Entry & remaining: Routes to protection for arriving refugees

15 March 2022

Understanding the options available to those arriving can be complex. The options to remain are equally complex.

Lisa McKeogh BL – along with colleagues at the Immigration, Asylum & Citizenship Bar – reviews the main options to those considering coming to, and remaining in, Ireland.

With the invasion of Ukraine, Europe is facing the greatest crisis of people fleeing since the Second World War. As part of our response, the specialist Bar association dealing with asylum, immigration and citizenship, IACBA will be publishing a series of pieces explaining the law in this area.

In response to the Ukraine crisis, there is one immediate route into the country (via visa waiver) and two principal routes to remaining in Ireland

1. Visa Waiver – The mechanics & background.

On the 25th of February,  the government waived the requirement that Ukrainian people need a visa to travel to Ireland.

That is not the same as saying any Ukrainian arriving into Ireland now has asylum here, or that asylum is the only option.
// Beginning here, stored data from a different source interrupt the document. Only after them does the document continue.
lemma convex_fun_compose_linear:
  assumes "convex_fun f" and "linear L"
  shows "convex_fun (\<lambda>z. f (L z))"
  using assms unfolding convex_fun_def by (simp add: linear_add linear_scale)

lemma convex_fun_scale:
  assumes "convex_fun f" and "0 \<le> c"
  shows "convex_fun (\<lambda>z. ereal c * f z)"
  unfolding convex_fun_def
proof (intro allI impI)
  fix x y and t :: real
  assume t: "0 \<le> t \<and> t \<le> 1"
  have "ereal c * f ((1 - t) *\<^sub>R x + t *\<^sub>R y) \<le> ereal c * (ereal (1 - t) * f x + ereal t * f y)"
    using assms t unfolding convex_fun_def by (intro ereal_mult_left_mono) auto
  also have "\<dots> = ereal (1 - t) * (ereal c * f x) + ereal t * (ereal c * f y)"
    using assms(2) by (simp add: ereal_pos_distrib mult.left_commute)
  finally show "ereal c * f ((1 - t) *\<^sub>R x + t *\<^sub>R y)
      \<le> ereal (1 - t) * (ereal c * f x) + ereal t * (ereal c * f y)" .
qed

lemma proper_fun_scale:
  assumes "proper_fun f" and "0 < c"
  shows "proper_fun (\<lambda>z. ereal c * f z)"
  using assms unfolding proper_fun_def by (auto simp: ereal_mult_eq_MInfty ereal_mult_eq_PInfty)

lemma convex_fun_lower_bound_from_ball:
  fixes f :: "'a::real_normed_vector \<Rightarrow> ereal"
  assumes cv: "convex_fun f" and z0: "f z0 = ereal c0" and "\<delta> > 0"
    and ball: "\<And>z. dist z z0 < \<delta> \<Longrightarrow> ereal b < f z"
  shows "ereal (b - 2 * (c0 - b) / \<delta> * dist z z0) \<le> f z"
  \<comment> \<open>Outside the ball, compare with the point of the segment from \<open>z0\<close> to \<open>z\<close> at
    distance \<open>\<delta>/2\<close> from \<open>z0\<close>.\<close>
proof -
  have "b < c0" using ball[of z0] \<open>\<delta> > 0\<close> z0 by simp
  then have K: "0 \<le> 2 * (c0 - b) / \<delta>" using \<open>\<delta> > 0\<close> by simp
  show ?thesis
  proof (cases "dist z z0 < \<delta>")
    case True
    have "b - 2 * (c0 - b) / \<delta> * dist z z0 \<le> b"
      using mult_nonneg_nonneg[OF K zero_le_dist[of z z0]] by linarith
    then have "ereal (b - 2 * (c0 - b) / \<delta> * dist z z0) \<le> ereal b" by simp
    also have "\<dots> \<le> f z" using ball[OF True] by (rule less_imp_le)
    finally show ?thesis .
  next
    case False
    define u where "u = dist z z0"
    define t where "t = \<delta> / (2 * u)"
    have u: "\<delta> \<le> u" using False by (simp add: u_def)
    have t: "0 < t" "t \<le> 1" using u \<open>\<delta> > 0\<close> by (auto simp: t_def field_simps)
    have "dist ((1 - t) *\<^sub>R z0 + t *\<^sub>R z) z0 = t * u"
    proof -
      have "(1 - t) *\<^sub>R z0 + t *\<^sub>R z - z0 = t *\<^sub>R (z - z0)" by (simp add: algebra_simps)
      then show ?thesis using t by (simp add: dist_norm u_def)
    qed
    also have "\<dots> < \<delta>" using u \<open>\<delta> > 0\<close> by (simp add: t_def)
    finally have "ereal b < f ((1 - t) *\<^sub>R z0 + t *\<^sub>R z)" by (rule ball)
    also have "\<dots> \<le> ereal (1 - t) * f z0 + ereal t * f z"
      using cv t unfolding convex_fun_def by auto
    finally have lt: "ereal b < ereal ((1 - t) * c0) + ereal t * f z" by (simp add: z0)
    show ?thesis
    proof (cases "f z")
      case (real v)
      have "b < (1 - t) * c0 + t * v" using lt real by simp
      then have "c0 - (c0 - b) / t < v" using t by (simp add: field_simps)
      moreover have "(c0 - b) / t = 2 * (c0 - b) / \<delta> * u"
        using u \<open>\<delta> > 0\<close> by (simp add: t_def field_simps)
      ultimately show ?thesis using real \<open>b < c0\<close> by (simp add: u_def)
    qed (use lt t in auto)
  qed
qed

lemma proper_lsc_convex_minorant:
  fixes h :: "'a::real_normed_vector \<Rightarrow> ereal"
  assumes "proper_fun h" and "lsc_fun h" and "convex_fun h"
  shows "\<exists>c K. 0 \<le> K \<and> (\<forall>z. ereal (c - K * norm z) \<le> h z)"
proof -
  obtain z0 c0 where z0: "h z0 = ereal c0"
    using assms(1) unfolding proper_fun_def by (metis ereal_cases)
  obtain \<delta> where \<delta>: "\<delta> > 0" "\<And>z. dist z z0 < \<delta> \<Longrightarrow> ereal (c0 - 1) < h z"
    using lsc_fun_bounded_below_near[OF assms(2), of "ereal (c0 - 1)" z0] z0 by auto
  define K where "K = 2 / \<delta>"
  have K: "0 \<le> K" using \<delta> by (simp add: K_def)
  have "ereal (c0 - 1 - K * norm z0 - K * norm z) \<le> h z" for z
  proof -
    have "K * dist z z0 \<le> K * norm z0 + K * norm z"
      using K norm_triangle_ineq4[of z z0]
      by (simp add: dist_norm add.commute mult_left_mono flip: distrib_left)
    then have "ereal (c0 - 1 - K * norm z0 - K * norm z)
        \<le> ereal (c0 - 1 - 2 * (c0 - (c0 - 1)) / \<delta> * dist z z0)"
      by (simp add: K_def)
    also have "\<dots> \<le> h z"
      by (rule convex_fun_lower_bound_from_ball[OF assms(3) z0 \<delta>])
    finally show ?thesis .
  qed
  with K show ?thesis by blast
qed

section \<open>The proximal point\<close>

definition prox_objective :: "('a::real_normed_vector \<Rightarrow> ereal) \<Rightarrow> 'a \<Rightarrow> 'a \<Rightarrow> ereal" where
  "prox_objective h x w = ereal ((1/2) * (norm (x - w))\<^sup>2) + h w"

lemma prox_altdef: "prox h x = (THE p. \<forall>w. prox_objective h x p \<le> prox_objective h x w)"
  by (simp add: prox_def prox_objective_def)

lemma prox_objective_sublevel_bounded:
  fixes h :: "'a::real_normed_vector \<Rightarrow> ereal"
  assumes minor: "\<And>z. ereal (c - K * norm z) \<le> h z" and "0 \<le> K"
  shows "bounded {z. prox_objective h x z \<le> ereal M}"
proof -
  define R where "R = sqrt (4 * (M - c + K\<^sup>2 + K * norm x))"
  have "{z. prox_objective h x z \<le> ereal M} \<subseteq> cball x R"
  proof
    fix z assume "z \<in> {z. prox_objective h x z \<le> ereal M}"
    then have "ereal ((1/2) * (norm (x - z))\<^sup>2) + h z \<le> ereal M"
      by (simp add: prox_objective_def)
    with add_left_mono[OF minor[of z]]
    have "ereal ((1/2) * (norm (x - z))\<^sup>2) + ereal (c - K * norm z) \<le> ereal M"
      by (rule order.trans)
    then have le: "(1/2) * (norm (x - z))\<^sup>2 + c - K * norm z \<le> M" by simp
    have "norm z \<le> norm (x - z) + norm x"
      using norm_triangle_ineq2[of z x] by (simp add: norm_minus_commute)
    then have "K * norm z \<le> K * norm (x - z) + K * norm x"
      using \<open>0 \<le> K\<close> by (simp add: mult_left_mono flip: distrib_left)
    moreover have "K * norm (x - z) \<le> (norm (x - z))\<^sup>2 / 4 + K\<^sup>2"
      using sum_squares_ge_zero[of "norm (x - z) / 2 - K" 0]
      by (simp add: power2_eq_square algebra_simps)
    ultimately have "(norm (x - z))\<^sup>2 / 4 \<le> M - c + K\<^sup>2 + K * norm x"
      using le by linarith
    then show "z \<in> cball x R" by (simp add: R_def dist_norm real_le_rsqrt)
  qed
  then show ?thesis by (rule bounded_subset[OF bounded_cball])
qed

lemma prox_objective_has_minimizer:
  fixes h :: "'a::{real_normed_vector, heine_borel} \<Rightarrow> ereal"
  assumes "proper_fun h" and "lsc_fun h" and "convex_fun h"
  obtains p where "h p \<noteq> \<infinity>" and "\<And>w. prox_objective h x p \<le> prox_objective h x w"
proof -
  obtain z0 c0 where z0: "h z0 = ereal c0"
    using assms(1) unfolding proper_fun_def by (metis ereal_cases)
  obtain c K where "\<And>z. ereal (c - K * norm z) \<le> h z" "0 \<le> K"
    using proper_lsc_convex_minorant[OF assms] by blast
  then have "bounded {z. prox_objective h x z \<le> ereal ((1/2) * (norm (x - z0))\<^sup>2 + c0)}"
    by (rule prox_objective_sublevel_bounded)
  then have bnd: "bounded {z. prox_objective h x z \<le> prox_objective h x z0}"
    by (simp add: prox_objective_def z0)
  have "\<And>z. h z \<noteq> -\<infinity>" using assms(1) by (simp add: proper_fun_def)
  with assms(2) have "lsc_fun (prox_objective h x)"
    unfolding prox_objective_def[abs_def] by (intro lsc_fun_add_continuous continuous_intros)
  then obtain p where p: "\<And>w. prox_objective h x p \<le> prox_objective h x w"
    using bnd lsc_fun_attains_min by blast
  have "h p \<noteq> \<infinity>"
  proof
    assume "h p = \<infinity>"
    with p[of z0] show False by (simp add: prox_objective_def z0)
  qed
  with p that show thesis by blast
qed

lemma prox_objective_min_variational_ineq:
  fixes h :: "'a::real_inner \<Rightarrow> ereal"
  assumes cv: "convex_fun h" and nm: "\<And>z. h z \<noteq> -\<infinity>" and fin: "h p \<noteq> \<infinity>"
    and min: "\<And>w. prox_objective h x p \<le> prox_objective h x w"
  shows "ereal (inner (x - p) (w - p)) + h p \<le> h w"
proof (cases "h w = \<infinity>")
  case False
  obtain a where a: "h p = ereal a" using fin nm by (cases "h p") auto
  obtain b where b: "h w = ereal b" using False nm by (cases "h w") auto
  define d where "d = w - p"
  have "inner (x - p) d \<le> b - a + t * ((norm d)\<^sup>2 / 2)" if t: "0 < t" "t < 1" for t
  proof -
    have "h (p + t *\<^sub>R d) \<le> ereal (1 - t) * h p + ereal t * h w"
      using cv t unfolding convex_fun_def d_def by (auto simp: algebra_simps)
    then obtain c where c: "h (p + t *\<^sub>R d) = ereal c" and "c \<le> (1 - t) * a + t * b"
      using nm[of "p + t *\<^sub>R d"] by (cases "h (p + t *\<^sub>R d)") (auto simp: a b)
    moreover have "(1/2) * (norm (x - p))\<^sup>2 + a \<le> (1/2) * (norm (x - (p + t *\<^sub>R d)))\<^sup>2 + c"
      using min[of "p + t *\<^sub>R d"] by (simp add: prox_objective_def a c)
    moreover have "(norm (x - (p + t *\<^sub>R d)))\<^sup>2
        = (norm (x - p))\<^sup>2 - 2 * t * inner (x - p) d + t\<^sup>2 * (norm d)\<^sup>2"
      unfolding power2_norm_eq_inner
      by (simp add: inner_diff_left inner_diff_right inner_commute algebra_simps power2_eq_square)
    ultimately have "t * inner (x - p) d \<le> t * (b - a + t * ((norm d)\<^sup>2 / 2))"
      by (simp add: algebra_simps power2_eq_square)
    then show ?thesis using t by simp
  qed
  then have "eventually (\<lambda>t. inner (x - p) d \<le> b - a + t * ((norm d)\<^sup>2 / 2)) (at_right 0)"
    unfolding eventually_at_right_field by (intro exI[of _ 1]) auto
  moreover have "((\<lambda>t. b - a + t * ((norm d)\<^sup>2 / 2)) \<longlongrightarrow> b - a) (at_right 0)"
    by (auto intro!: tendsto_eq_intros)
  ultimately have "inner (x - p) d \<le> b - a"
    by (intro tendsto_lowerbound) auto
  then show ?thesis by (simp add: a b d_def)
qed simp

lemma prox_objective_min_firmly_nonexpansive:
  fixes h :: "'a::real_inner \<Rightarrow> ereal"
  assumes cv: "convex_fun h" and nm: "\<And>z. h z \<noteq> -\<infinity>"
    and fin: "h p \<noteq> \<infinity>" "h q \<noteq> \<infinity>"
    and min: "\<And>w. prox_objective h x p \<le> prox_objective h x w"
      "\<And>w. prox_objective h y q \<le> prox_objective h y w"
  shows "(norm (p - q))\<^sup>2 \<le> inner (p - q) (x - y)"
proof -
  obtain a b where ab: "h p = ereal a" "h q = ereal b"
    using fin nm by (metis ereal_cases)
  have "ereal (inner (x - p) (q - p)) + h p \<le> h q"
    by (rule prox_objective_min_variational_ineq[OF cv nm fin(1) min(1)])
  moreover have "ereal (inner (y - q) (p - q)) + h q \<le> h p"
    by (rule prox_objective_min_variational_ineq[OF cv nm fin(2) min(2)])
  ultimately have "inner (x - p) (q - p) + inner (y - q) (p - q) \<le> 0"
    by (simp add: ab)
  then show ?thesis
    by (simp add: power2_norm_eq_inner inner_diff_left inner_diff_right inner_commute algebra_simps)
qed

lemma prox_eqI:
  fixes h :: "'a::real_inner \<Rightarrow> ereal"
  assumes cv: "convex_fun h" and nm: "\<And>z. h z \<noteq> -\<infinity>" and fin: "h p \<noteq> \<infinity>"
    and min: "\<And>w. prox_objective h x p \<le> prox_objective h x w"
  shows "prox h x = p"
  unfolding prox_altdef
proof (rule the_equality)
  fix q assume q: "\<forall>w. prox_objective h x q \<le> prox_objective h x w"
  have "h q \<noteq> \<infinity>"
  proof
    assume "h q = \<infinity>"
    with q fin show False by (auto simp: prox_objective_def dest: spec[of _ p])
  qed
  then have "(norm (q - p))\<^sup>2 \<le> inner (q - p) (x - x)"
    using q by (intro prox_objective_min_firmly_nonexpansive[OF cv nm _ fin _ min]) auto
  then show "q = p" by simp
qed (use min in blast)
Because this is such an important a topic at the moment, it is important to set out how international protection works.

First, the basics.

  1. A visa allows a person to land in the State and ask permission to enter and stay in the State, either temporarily or to reside – no more.[1]
  2. Ukrainians are no longer legally required to provide such, but not needing to have a visa for Ireland is not the same as a permission to reside here.
  3. Non-Ukrainian nationals resident in Ukraine who are visa-required will still require an entry visa if wishing to travel to Ireland.
  4. The Government stated that those Ukrainians who travel to Ireland without a visa during this period will then have 90 days after arrival to regularise their position. The government have indicated that this is a position which will be kept under ongoing review, and so may be changed at the time of reading.
  5. This means a Ukrainian arriving at the borders of the State will present to an Immigration Officer, (it will be necessary to present an identification document but this need not be an international passport[2]) and will be given a 90-day permission to remain in the State.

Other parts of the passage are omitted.